Task objective: All of the records below should be output exactly.

▬▬▬▬▬▬

lemma Int_pairs_joining_eq_upward_pairs_iff:
  assumes "u \<notin> S"
  shows "F \<inter> pairs_joining u S = upward_pairs u S \<longleftrightarrow> (\<forall>v\<in>S. (min u v, max u v) \<in> F \<longleftrightarrow> u < v)"
proof
  assume eq: "F \<inter> pairs_joining u S = upward_pairs u S"
  show "\<forall>v\<in>S. (min u v, max u v) \<in> F \<longleftrightarrow> u < v"
  proof
    fix v assume "v \<in> S"
    then have "(min u v, max u v) \<in> pairs_joining u S" unfolding pairs_joining_def by blast
    moreover have "(min u v, max u v) \<in> upward_pairs u S \<longleftrightarrow> u < v"
      using \<open>v \<in> S\<close> assms unfolding upward_pairs_def by (auto simp: min_def max_def)
    ultimately show "(min u v, max u v) \<in> F \<longleftrightarrow> u < v" using eq by blast
  qed
next
  assume H: "\<forall>v\<in>S. (min u v, max u v) \<in> F \<longleftrightarrow> u < v"
  show "F \<inter> pairs_joining u S = upward_pairs u S"
  proof (intro equalityI subsetI)
    fix p assume "p \<in> F \<inter> pairs_joining u S"
    then obtain v where "v \<in> S" "p = (min u v, max u v)" "p \<in> F"
      unfolding pairs_joining_def by blast
    with H have "u < v" by blast
    with \<open>v \<in> S\<close> \<open>p = _\<close> show "p \<in> upward_pairs u S" unfolding upward_pairs_def by auto
  next
    fix p assume "p \<in> upward_pairs u S"
    then obtain v where "v \<in> S" "u < v" "p = (min u v, max u v)"
      unfolding upward_pairs_def by auto
    with H show "p \<in> F \<inter> pairs_joining u S" unfolding pairs_joining_def by blast
  qed
qed

lemma dominates_tournament_of_iff:
  assumes "F \<subseteq> node_pairs N" and "S \<subseteq> {0..<N}" and "u < N" and "u \<notin> S"
  shows "dominates (tournament_of N F) u S \<longleftrightarrow> F \<inter> pairs_joining u S = upward_pairs u S"
proof -
  have "tournament_of N F u v \<longleftrightarrow> ((min u v, max u v) \<in> F \<longleftrightarrow> u < v)" if "v \<in> S" for v
    using assms(2-4) that unfolding tournament_of_def
    by (cases u v rule: linorder_cases) (auto simp: node_pairs_def dest: node_pairs_subsetD[OF assms(1)])
  then show ?thesis
    unfolding dominates_def Int_pairs_joining_eq_upward_pairs_iff[OF assms(4)] by blast
qed

definition undominated_orientations :: "nat \<Rightarrow> nat set \<Rightarrow> (nat \<times> nat) set set" where
  "undominated_orientations N S =
     {F. F \<subseteq> node_pairs N \<and> (\<forall>u\<in>{0..<N} - S. \<not> dominates (tournament_of N F) u S)}"

lemma card_undominated_orientations:
  assumes "S \<subseteq> {0..<N}"
  shows "real (card (undominated_orientations N S))
    = 2 ^ card (node_pairs N) * (1 - 1 / 2 ^ card S) ^ (N - card S)"
proof -
  have "undominated_orientations N S
      = {F. F \<subseteq> node_pairs N \<and> (\<forall>u\<in>{0..<N} - S. F \<inter> pairs_joining u S \<noteq> upward_pairs u S)}"
    unfolding undominated_orientations_def
  proof (rule Collect_cong)
    fix F
    show "F \<subseteq> node_pairs N \<and> (\<forall>u\<in>{0..<N} - S. \<not> dominates (tournament_of N F) u S) \<longleftrightarrow>
        F \<subseteq> node_pairs N \<and> (\<forall>u\<in>{0..<N} - S. F \<inter> pairs_joining u S \<noteq> upward_pairs u S)"
    proof (rule conj_cong[OF refl], rule ball_cong[OF refl])
      fix u assume F: "F \<subseteq> node_pairs N" and u: "u \<in> {0..<N} - S"
      show "\<not> dominates (tournament_of N F) u S \<longleftrightarrow> F \<inter> pairs_joining u S \<noteq> upward_pairs u S"
        using dominates_tournament_of_iff[OF F assms, of u] u by simp
    qed
  qed
  also have "real (card \<dots>) = 2 ^ card (node_pairs N) * (1 - 1 / 2 ^ card S) ^ card ({0..<N} - S)"
  proof (rule card_subsets_avoiding_traces)
    fix u assume u: "u \<in> {0..<N} - S"
    show "pairs_joining u S \<subseteq> node_pairs N \<and> upward_pairs u S \<subseteq> pairs_joining u S
        \<and> card (pairs_joining u S) = card S"
    proof (intro conjI)
      show "pairs_joining u S \<subseteq> node_pairs N"
        using u assms unfolding pairs_joining_def node_pairs_def
        by (auto simp: min_def max_def) (metis le_neq_implies_less)
      show "upward_pairs u S \<subseteq> pairs_joining u S"
        unfolding upward_pairs_def pairs_joining_def by force
      show "card (pairs_joining u S) = card S"
        using u unfolding pairs_joining_def
        by (intro card_image) (auto simp: inj_on_def min_def max_def split: if_splits)
    qed
  next
    show "pairs_joining u S \<inter> pairs_joining w S = {}"
      if "u \<in> {0..<N} - S" "w \<in> {0..<N} - S" "u \<noteq> w" for u w
      using that unfolding pairs_joining_def by (auto simp: min_def max_def split: if_splits)
  qed (auto simp: finite_node_pairs)
  also have "card ({0..<N} - S) = N - card S"
    using assms by (simp add: card_Diff_subset finite_subset)
  finally show ?thesis .
qed

lemma card_undominated_orientations_le:
  assumes "S \<subseteq> {0..<N}" and "card S \<le> m"
  shows "real (card (undominated_orientations N S))
    \<le> 2 ^ card (node_pairs N) * (1 - 1 / 2 ^ m) ^ (N - m)"
proof -
  have "(1 - 1 / 2 ^ card S :: real) ^ (N - card S) \<le> (1 - 1 / 2 ^ m) ^ (N - card S)"
    using assms(2) by (intro power_mono) (auto intro: divide_left_mono power_increasing)
  also have "\<dots> \<le> (1 - 1 / 2 ^ m) ^ (N - m)"
    using assms(2) by (intro power_decreasing) auto
  finally show ?thesis by (simp add: card_undominated_orientations[OF assms(1)])
qed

▬▬▬▬▬▬

The completed task:
lemma Int_pairs_joining_eq_upward_pairs_iff:
  assumes "u \<notin> S"
  shows "F \<inter> pairs_joining u S = upward_pairs u S \<longleftrightarrow> (\<forall>v\<in>S. (min u v, max u v) \<in> F \<longleftrightarrow> u < v)"
proof
  assume eq: "F \<inter> pairs_joining u S = upward_pairs u S"
  show "\<forall>v\<in>S. (min u v, max u v) \<in> F \<longleftrightarrow> u < v"
  proof
    fix v assume "v \<in> S"
    then have "(min u v, max u v) \<in> pairs_joining u S" unfolding pairs_joining_def by blast
    moreover have "(min u v, max u v) \<in> upward_pairs u S \<longleftrightarrow> u < v"
      using \<open>v \<in> S\<close> assms unfolding upward_pairs_def by (auto simp: min_def max_def)
    ultimately show "(min u v, max u v) \<in> F \<longleftrightarrow> u < v" using eq by blast
  qed
next
  assume H: "\<forall>v\<in>S. (min u v, max u v) \<in> F \<longleftrightarrow> u < v"
  show "F \<inter> pairs_joining u S = upward_pairs u S"
  proof (intro equalityI subsetI)
    fix p assume "p \<in> F \<inter> pairs_joining u S"
    then obtain v where "v \<in> S" "p = (min u v, max u v)" "p \<in> F"
      unfolding pairs_joining_def by blast
    with H have "u < v" by blast
    with \<open>v \<in> S\<close> \<open>p = _\<close> show "p \<in> upward_pairs u S" unfolding upward_pairs_def by auto
  next
    fix p assume "p \<in> upward_pairs u S"
    then obtain v where "v \<in> S" "u < v" "p = (min u v, max u v)"
      unfolding upward_pairs_def by auto
    with H show "p \<in> F \<inter> pairs_joining u S" unfolding pairs_joining_def by blast
  qed
qed

lemma dominates_tournament_of_iff:
  assumes "F \<subseteq> node_pairs N" and "S \<subseteq> {0..<N}" and "u < N" and "u \<notin> S"
  shows "dominates (tournament_of N F) u S \<longleftrightarrow> F \<inter> pairs_joining u S = upward_pairs u S"
proof -
  have "tournament_of N F u v \<longleftrightarrow> ((min u v, max u v) \<in> F \<longleftrightarrow> u < v)" if "v \<in> S" for v
    using assms(2-4) that unfolding tournament_of_def
    by (cases u v rule: linorder_cases) (auto simp: node_pairs_def dest: node_pairs_subsetD[OF assms(1)])
  then show ?thesis
    unfolding dominates_def Int_pairs_joining_eq_upward_pairs_iff[OF assms(4)] by blast
qed

definition undominated_orientations :: "nat \<Rightarrow> nat set \<Rightarrow> (nat \<times> nat) set set" where
  "undominated_orientations N S =
     {F. F \<subseteq> node_pairs N \<and> (\<forall>u\<in>{0..<N} - S. \<not> dominates (tournament_of N F) u S)}"

lemma card_undominated_orientations:
  assumes "S \<subseteq> {0..<N}"
  shows "real (card (undominated_orientations N S))
    = 2 ^ card (node_pairs N) * (1 - 1 / 2 ^ card S) ^ (N - card S)"
proof -
  have "undominated_orientations N S
      = {F. F \<subseteq> node_pairs N \<and> (\<forall>u\<in>{0..<N} - S. F \<inter> pairs_joining u S \<noteq> upward_pairs u S)}"
    unfolding undominated_orientations_def
  proof (rule Collect_cong)
    fix F
    show "F \<subseteq> node_pairs N \<and> (\<forall>u\<in>{0..<N} - S. \<not> dominates (tournament_of N F) u S) \<longleftrightarrow>
        F \<subseteq> node_pairs N \<and> (\<forall>u\<in>{0..<N} - S. F \<inter> pairs_joining u S \<noteq> upward_pairs u S)"
    proof (rule conj_cong[OF refl], rule ball_cong[OF refl])
      fix u assume F: "F \<subseteq> node_pairs N" and u: "u \<in> {0..<N} - S"
      show "\<not> dominates (tournament_of N F) u S \<longleftrightarrow> F \<inter> pairs_joining u S \<noteq> upward_pairs u S"
        using dominates_tournament_of_iff[OF F assms, of u] u by simp
    qed
  qed
  also have "real (card \<dots>) = 2 ^ card (node_pairs N) * (1 - 1 / 2 ^ card S) ^ card ({0..<N} - S)"
  proof (rule card_subsets_avoiding_traces)
    fix u assume u: "u \<in> {0..<N} - S"
    show "pairs_joining u S \<subseteq> node_pairs N \<and> upward_pairs u S \<subseteq> pairs_joining u S
        \<and> card (pairs_joining u S) = card S"
    proof (intro conjI)
      show "pairs_joining u S \<subseteq> node_pairs N"
        using u assms unfolding pairs_joining_def node_pairs_def
        by (auto simp: min_def max_def) (metis le_neq_implies_less)
      show "upward_pairs u S \<subseteq> pairs_joining u S"
        unfolding upward_pairs_def pairs_joining_def by force
      show "card (pairs_joining u S) = card S"
        using u unfolding pairs_joining_def
        by (intro card_image) (auto simp: inj_on_def min_def max_def split: if_splits)
    qed
  next
    show "pairs_joining u S \<inter> pairs_joining w S = {}"
      if "u \<in> {0..<N} - S" "w \<in> {0..<N} - S" "u \<noteq> w" for u w
      using that unfolding pairs_joining_def by (auto simp: min_def max_def split: if_splits)
  qed (auto simp: finite_node_pairs)
  also have "card ({0..<N} - S) = N - card S"
    using assms by (simp add: card_Diff_subset finite_subset)
  finally show ?thesis .
qed

lemma card_undominated_orientations_le:
  assumes "S \<subseteq> {0..<N}" and "card S \<le> m"
  shows "real (card (undominated_orientations N S))
    \<le> 2 ^ card (node_pairs N) * (1 - 1 / 2 ^ m) ^ (N - m)"
proof -
  have "(1 - 1 / 2 ^ card S :: real) ^ (N - card S) \<le> (1 - 1 / 2 ^ m) ^ (N - card S)"
    using assms(2) by (intro power_mono) (auto intro: divide_left_mono power_increasing)
  also have "\<dots> \<le> (1 - 1 / 2 ^ m) ^ (N - m)"
    using assms(2) by (intro power_decreasing) auto
  finally show ?thesis by (simp add: card_undominated_orientations[OF assms(1)])
qed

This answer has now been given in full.